I’ve never made Salt Bars but I have tried salting out. Here’s what I did:
1 liter (32 oz.) water
35 grams (1 oz) common table salt
8 oz. soap bar, grated (NOT castile)
Bring water and salt to boil. Turn down to a simmer. Add soap gratings. Allow to simmer for about 15 minutes. In that time, the soap will curdle and rise to the top. Skim it off with a hand held strainer. I shape it into a ball, squeezing out as much water as possible. I then put it in a double knee high nylon stocking, knot it, and hang it over a banana holder (highly technical, I know, LOL) and let it “drip dry” for several days, squeezing and shaping once a day until the soap becomes hard. NOTE: You lose a lot of soap doing this, but the result is indeed a lovely bar of soap — similar to smooth, creamy, and elegant triple-milled French soap.
Good Point! Thanks for sharing your observations!
One more item — the concensus among soapers I know who make Salt Bars is that coarse Kosher salt is the best — although common table salt is okay — but definitely NOT Dead Sea Salts (sorry, Anne) or Epsom Salts.

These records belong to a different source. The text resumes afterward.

text \<open>Finite-dimensional Hilbert spaces are modelled as complex^'n with 'n a finite type.
  H_S = complex^'s, H_E = complex^'e, H_S (x) H_E = complex^('s \<times> 'e).
  Operators are matrices complex^'n^'m (A $ row $ column), acting by *v.\<close>

definition cinner :: "complex^'n \<Rightarrow> complex^'n \<Rightarrow> complex" where
  "cinner u v = (\<Sum>i\<in>UNIV. cnj (u$i) * v$i)"

definition adj :: "complex^'n^'m \<Rightarrow> complex^'m^'n" where
  "adj A = (\<chi> i j. cnj (A$j$i))"

definition cscale :: "complex \<Rightarrow> complex^'n^'m \<Rightarrow> complex^'n^'m" where
  "cscale c A = (\<chi> i j. c * A$i$j)"

definition unitary_mat :: "complex^'n^'n \<Rightarrow> bool" where
  "unitary_mat U \<longleftrightarrow> adj U ** U = mat 1 \<and> U ** adj U = mat 1"

definition unit_vec :: "complex^'n \<Rightarrow> bool" where
  "unit_vec v \<longleftrightarrow> cinner v v = 1"

text \<open>Orthonormal basis of complex^'e indexed by \<Omega> = UNIV :: 'w set.\<close>
definition is_onb :: "('w \<Rightarrow> complex^'e) \<Rightarrow> bool" where
  "is_onb \<pi> \<longleftrightarrow> (\<forall>w w'. cinner (\<pi> w) (\<pi> w') = (if w = w' then 1 else 0))
                 \<and> (\<forall>v. v = (\<Sum>w\<in>UNIV. cinner (\<pi> w) v *s \<pi> w))"

definition tensor :: "complex^'s \<Rightarrow> complex^'e \<Rightarrow> complex^('s \<times> 'e)" where
  "tensor \<psi> \<phi> = (\<chi> p. \<psi>$(fst p) * \<phi>$(snd p))"

text \<open>Partial matrix element  <a|_E U |b>_E, an operator on H_S.\<close>
definition pmat :: "complex^'e \<Rightarrow> complex^('s \<times> 'e)^('s \<times> 'e) \<Rightarrow> complex^'e \<Rightarrow> complex^'s^'s" where
  "pmat a U b = (\<chi> i j. \<Sum>k\<in>UNIV. \<Sum>l\<in>UNIV. cnj (a$k) * U$(i,k)$(j,l) * b$l)"

text \<open>QFI of a (normalized) pure state family f at parameter x.\<close>
definition QFI :: "(real \<Rightarrow> complex^'n) \<Rightarrow> real \<Rightarrow> real" where
  "QFI f x = (let d = vector_derivative f (at x) in
      4 * (Re (cinner d d) - (cmod (cinner (f x) d))\<^sup>2))"

definition expect :: "complex^'n^'n \<Rightarrow> complex^'n \<Rightarrow> complex" where
  "expect A \<psi> = cinner \<psi> (A *v \<psi>)"

definition Psi :: "(real \<Rightarrow> complex^('s \<times> 'e)^('s \<times> 'e)) \<Rightarrow> complex^'s \<Rightarrow> complex^'e \<Rightarrow> real \<Rightarrow> complex^('s \<times> 'e)" where
  "Psi U \<psi> \<phi> x = U x *v tensor \<psi> \<phi>"

definition Mop :: "(real \<Rightarrow> complex^('s \<times> 'e)^('s \<times> 'e)) \<Rightarrow> ('w \<Rightarrow> complex^'e) \<Rightarrow> complex^'e \<Rightarrow> 'w \<Rightarrow> real \<Rightarrow> complex^'s^'s" where
  "Mop U \<pi> \<phi> w x = pmat (\<pi> w) (U x) \<phi>"

definition dMop :: "(real \<Rightarrow> complex^('s \<times> 'e)^('s \<times> 'e)) \<Rightarrow> ('w \<Rightarrow> complex^'e) \<Rightarrow> complex^'e \<Rightarrow> 'w \<Rightarrow> real \<Rightarrow> complex^'s^'s" where
  "dMop U \<pi> \<phi> w x = vector_derivative (\<lambda>y. Mop U \<pi> \<phi> w y) (at x)"

definition Eop where "Eop U \<pi> \<phi> w x = adj (Mop U \<pi> \<phi> w x) ** Mop U \<pi> \<phi> w x"
definition Fop where "Fop U \<pi> \<phi> w x = cscale \<i> (adj (dMop U \<pi> \<phi> w x) ** Mop U \<pi> \<phi> w x)"
definition Gop where "Gop U \<pi> \<phi> w x = adj (dMop U \<pi> \<phi> w x) ** dMop U \<pi> \<phi> w x"

definition Eset where "Eset U \<pi> \<phi> S x = (\<Sum>w\<in>S. Eop U \<pi> \<phi> w x)"
definition Fset where "Fset U \<pi> \<phi> S x = (\<Sum>w\<in>S. Fop U \<pi> \<phi> w x)"
definition Gset where "Gset U \<pi> \<phi> S x = (\<Sum>w\<in>S. Gop U \<pi> \<phi> w x)"

text \<open>Unnormalized conditional state, outcome probability, and a normalized
  state vector representing sigma_{x|w}.\<close>
definition psit where "psit U \<pi> \<phi> \<psi> w x = Mop U \<pi> \<phi> w x *v \<psi>"
definition prob where "prob U \<pi> \<phi> \<psi> w x = Re (cinner (psit U \<pi> \<phi> \<psi> w x) (psit U \<pi> \<phi> \<psi> w x))"
definition sigma_vec where
  "sigma_vec U \<pi> \<phi> \<psi> w x = (1 / sqrt (prob U \<pi> \<phi> \<psi> w x)) *\<^sub>R psit U \<pi> \<phi> \<psi> w x"

end

theory Submission
  imports Defs
begin

(* The outcomes w split Psi = U (psi (x) phi) into the branches M_w psi = (<pi_w| (x) 1) Psi, so
   Parseval in the environment basis writes <Psi|Psi>, i <dPsi|Psi> and <dPsi|dPsi> as the sums
   over w of <E_w>, <F_w> and <G_w>.  Normalisation of Psi forces Re <Psi|dPsi> = 0, hence
   t = <F_Omega> is real and I^Q = 4 (<G_Omega> - t^2), while the normalised branch sigma_w contributes
   p_w I(sigma_w) = 4 (<G_w> - |<F_w>|^2 / p_w).  With X the complement of C, the information lost
   by the measurement is therefore 4 times
     sum_{w in C} |<F_w> - t p_w|^2 / p_w  +  sum_{w in X} ||(dM_w - i t M_w) psi||^2,
   a sum of nonnegative terms.  It vanishes iff <F_w> = t <E_w> on C and, given that, the second
   sum equals <G_X> - t <F_X^dagger>.  Finally d<E_w>/dx = 2 Im <F_w>, which the first condition
   makes zero. *)

lemma cinner_commute: "cinner v u = cnj (cinner u v)"
  by (simp add: cinner_def mult.commute)

lemma cinner_add_left: "cinner (u + v) w = cinner u w + cinner v w"
  by (simp add: cinner_def distrib_right sum.distrib)

lemma cinner_add_right: "cinner u (v + w) = cinner u v + cinner u w"
  by (simp add: cinner_def distrib_left sum.distrib)

lemma cinner_diff_left: "cinner (u - v) w = cinner u w - cinner v w"
  by (simp add: cinner_def left_diff_distrib sum_subtractf)

lemma cinner_diff_right: "cinner u (v - w) = cinner u v - cinner u w"
  by (simp add: cinner_def right_diff_distrib sum_subtractf)

lemma cvec_scaleR_nth: "(r *\<^sub>R v) $ i = of_real r * v $ i" for v :: "complex^'n"
  by (metis vector_scaleR_component scaleR_conv_of_real)

lemma cinner_scaleR_left: "cinner (r *\<^sub>R u) v = of_real r * cinner u v"
  by (simp add: cinner_def cvec_scaleR_nth sum_distrib_left mult.assoc del: vector_scaleR_component)

lemma cinner_scaleR_right: "cinner u (r *\<^sub>R v) = of_real r * cinner u v"
  by (simp add: cinner_def cvec_scaleR_nth sum_distrib_left algebra_simps del: vector_scaleR_component)

lemma cinner_smult_left: "cinner (c *s u) v = cnj c * cinner u v"
  by (simp add: cinner_def sum_distrib_left algebra_simps)

lemma cinner_smult_right: "cinner u (c *s v) = c * cinner u v"
  by (simp add: cinner_def sum_distrib_left algebra_simps)

lemma cinner_sum_right: "cinner u (\<Sum>i\<in>I. f i) = (\<Sum>i\<in>I. cinner u (f i))"
  by (simp add: cinner_def sum_component sum_distrib_left) (rule sum.swap)

lemma cinner_self_real: "cinner v v = of_real (Re (cinner v v))"
  by (simp add: cinner_def complex_eq_iff Im_sum)

lemma cinner_self_nonneg: "0 \<le> Re (cinner v v)"
  by (simp add: cinner_def Re_sum sum_nonneg)

lemma has_vector_derivative_cinner:
  assumes "(f has_vector_derivative f') (at x within S)" and "(g has_vector_derivative g') (at x within S)"
  shows "((\<lambda>y. cinner (f y) (g y)) has_vector_derivative cinner f' (g x) + cinner (f x) g') (at x within S)"
proof -
  have "((\<lambda>y. \<Sum>i\<in>UNIV. cnj (f y $ i) * g y $ i) has_vector_derivative
      (\<Sum>i\<in>UNIV. cnj (f x $ i) * g' $ i + cnj (f' $ i) * g x $ i)) (at x within S)"
    by (intro has_vector_derivative_sum has_vector_derivative_mult has_vector_derivative_cnj
        bounded_linear.has_vector_derivative[OF bounded_linear_vec_nth] assms)
  then show ?thesis
    by (simp add: cinner_def sum.distrib add.commute)
qed

lemma adj_adj [simp]: "adj (adj A) = A"
  by (simp add: adj_def vec_eq_iff)

lemma cinner_adj: "cinner u (A *v v) = cinner (adj A *v u) v"
  unfolding cinner_def adj_def matrix_vector_mult_def
  by (simp add: sum_distrib_left sum_distrib_right algebra_simps) (rule sum.swap)

lemma cinner_unitary: "unitary_mat U \<Longrightarrow> cinner (U *v v) (U *v v) = cinner v v"
  by (simp add: unitary_mat_def cinner_adj matrix_vector_mul_assoc)

lemma sum_UNIV_prod: "(\<Sum>p\<in>UNIV. g p) = (\<Sum>j\<in>UNIV. \<Sum>l\<in>UNIV. g (j, l))"
  for g :: "'a::finite \<times> 'b::finite \<Rightarrow> 'c::comm_monoid_add"
  by (simp add: sum.cartesian_product flip: UNIV_Times_UNIV)

lemma cinner_tensor: "cinner (tensor a b) (tensor a b) = cinner a a * cinner b b"
  by (simp add: cinner_def tensor_def sum_UNIV_prod sum_product mult_ac)

lemma expect_adj_mult: "expect (adj A ** B) \<psi> = cinner (A *v \<psi>) (B *v \<psi>)"
  by (simp add: expect_def matrix_vector_mul_assoc[symmetric] cinner_adj)

lemma expect_cscale: "expect (cscale c A) \<psi> = c * expect A \<psi>"
  by (simp add: expect_def cscale_def cinner_def matrix_vector_mult_def sum_distrib_left algebra_simps)

lemma expect_adj: "expect (adj A) \<psi> = cnj (expect A \<psi>)"
  unfolding expect_def cinner_adj[of \<psi> "adj A"] adj_adj by (rule cinner_commute)

lemma expect_sum: "expect (\<Sum>i\<in>I. A i) \<psi> = (\<Sum>i\<in>I. expect (A i) \<psi>)"
proof -
  have "(\<Sum>i\<in>I. A i) *v \<psi> = (\<Sum>i\<in>I. A i *v \<psi>)"
    by (simp add: vec_eq_iff matrix_vector_mult_def sum_component sum_distrib_right) (rule allI, rule sum.swap)
  then show ?thesis
    by (simp add: expect_def cinner_sum_right)
qed

lemma onb_parseval:
  assumes "is_onb \<pi>"
  shows "cinner u v = (\<Sum>w\<in>UNIV. cinner u (\<pi> w) * cinner (\<pi> w) v)"
proof -
  have "v = (\<Sum>w\<in>UNIV. cinner (\<pi> w) v *s \<pi> w)"
    using assms[unfolded is_onb_def, THEN conjunct2] by (rule spec)
  then have "cinner u v = cinner u (\<Sum>w\<in>UNIV. cinner (\<pi> w) v *s \<pi> w)"
    by (rule arg_cong)
  also have "\<dots> = (\<Sum>w\<in>UNIV. cinner u (\<pi> w) * cinner (\<pi> w) v)"
    by (simp only: cinner_sum_right cinner_smult_right mult.commute)
  finally show ?thesis .
qed

definition env_slice :: "'s::finite \<Rightarrow> complex^('s \<times> 'e::finite) \<Rightarrow> complex^'e" where
  "env_slice i V = (\<chi> k. V $ (i, k))"

(* (<a| (x) 1) V, the partial inner product over the environment factor *)
definition env_contract :: "complex^'e::finite \<Rightarrow> complex^('s::finite \<times> 'e) \<Rightarrow> complex^'s" where
  "env_contract a V = (\<chi> i. cinner a (env_slice i V))"

lemma cinner_env_slices: "cinner V W = (\<Sum>i\<in>UNIV. cinner (env_slice i V) (env_slice i W))"
  by (simp add: cinner_def env_slice_def sum_UNIV_prod)

lemma cinner_env_contract_onb:
  assumes "is_onb \<pi>"
  shows "cinner V W = (\<Sum>w\<in>UNIV. cinner (env_contract (\<pi> w) V) (env_contract (\<pi> w) W))"
proof -
  have "cinner V W = (\<Sum>i\<in>UNIV. \<Sum>w\<in>UNIV. cinner (env_slice i V) (\<pi> w) * cinner (\<pi> w) (env_slice i W))"
    unfolding cinner_env_slices[of V] by (rule sum.cong[OF refl], rule onb_parseval[OF assms])
  also have "\<dots> = (\<Sum>w\<in>UNIV. \<Sum>i\<in>UNIV. cnj (cinner (\<pi> w) (env_slice i V)) * cinner (\<pi> w) (env_slice i W))"
    by (subst sum.swap) (simp only: cinner_commute[of "env_slice _ V"])
  finally show ?thesis
    by (simp add: env_contract_def cinner_def[where u = "vec_lambda f" and v = "vec_lambda g" for f g])
qed

lemma pmat_mult_tensor: "pmat a A b *v \<psi> = env_contract a (A *v tensor \<psi> b)"
  unfolding vec_eq_iff
proof
  fix i
  have "(pmat a A b *v \<psi>) $ i
      = (\<Sum>j\<in>UNIV. \<Sum>k\<in>UNIV. \<Sum>l\<in>UNIV. cnj (a $ k) * (A $ (i, k) $ (j, l) * (\<psi> $ j * b $ l)))"
    by (simp add: pmat_def matrix_vector_mult_def sum_distrib_left sum_distrib_right mult_ac)
  also have "\<dots> = (\<Sum>k\<in>UNIV. cnj (a $ k) * (\<Sum>j\<in>UNIV. \<Sum>l\<in>UNIV. A $ (i, k) $ (j, l) * (\<psi> $ j * b $ l)))"
    by (subst sum.swap) (simp only: sum_distrib_left)
  also have "\<dots> = env_contract a (A *v tensor \<psi> b) $ i"
    by (simp add: env_contract_def env_slice_def cinner_def matrix_vector_mult_def tensor_def sum_UNIV_prod)
  finally show "(pmat a A b *v \<psi>) $ i = env_contract a (A *v tensor \<psi> b) $ i" .
qed

lemma cmat_scaleR_nth: "(r *\<^sub>R A) $ i $ j = of_real r * A $ i $ j" for A :: "complex^'n^'m"
  by (metis vector_scaleR_component scaleR_conv_of_real)

lemma matrix_vector_mult_scaleR: "(r *\<^sub>R A) *v v = r *\<^sub>R (A *v v)" for A :: "complex^'n^'m"
  by (simp add: vec_eq_iff matrix_vector_mult_def cvec_scaleR_nth cmat_scaleR_nth sum_distrib_left mult_ac
      del: vector_scaleR_component)

lemma bounded_linear_matrix_vector_mult_left: "bounded_linear (\<lambda>A::complex^'n^'m. A *v v)"
  unfolding linear_conv_bounded_linear[symmetric]
  by (rule linearI) (simp_all add: matrix_vector_mult_add_rdistrib matrix_vector_mult_scaleR)

lemma bounded_linear_pmat: "bounded_linear (\<lambda>A. pmat a A b)"
  unfolding linear_conv_bounded_linear[symmetric]
  by (rule linearI)
    (simp_all add: vec_eq_iff pmat_def cvec_scaleR_nth cmat_scaleR_nth distrib_left distrib_right sum.distrib
      sum_distrib_left mult_ac del: vector_scaleR_component)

I started using a salt soap a week ago and now my daughter’s skin is a wreck, could it be the salt?
YES! Salt, this can be very drying to the skin.
Hummm I always read that table salt was terrible to use cause it was very drying. That a sea salt was best just not dead sea. The claims are that it exfoliates and removes toxins from the skin leaving it soft.
But I do agree about it not sounding appealing with build up and my personal concern with dry skin! I live in Colorado, so we combat that enough with out the soap!
Here is a 2lb batch if you are still curious to try it yourself:
Coconut Oil – 504 gr. or 17.78 oz. 70%
Castor Oil – 72 gr. or 2.54 oz. 10%
Grapeseed Oil – 144 gr. or 5.08 oz. 20%
Distilled Water – 237.6 gr. or 8.38 oz.
Lye – 102.15 gr. or 3.6 oz.
Sea Salt(fine) – 576 gr. or 20.32 oz.
Super Fat/Discount = 15%
This is not my recipe but a recipe from a free site I use often… their free recipes are fantastic
Thank you for the info. I’ll switch her back to my soap.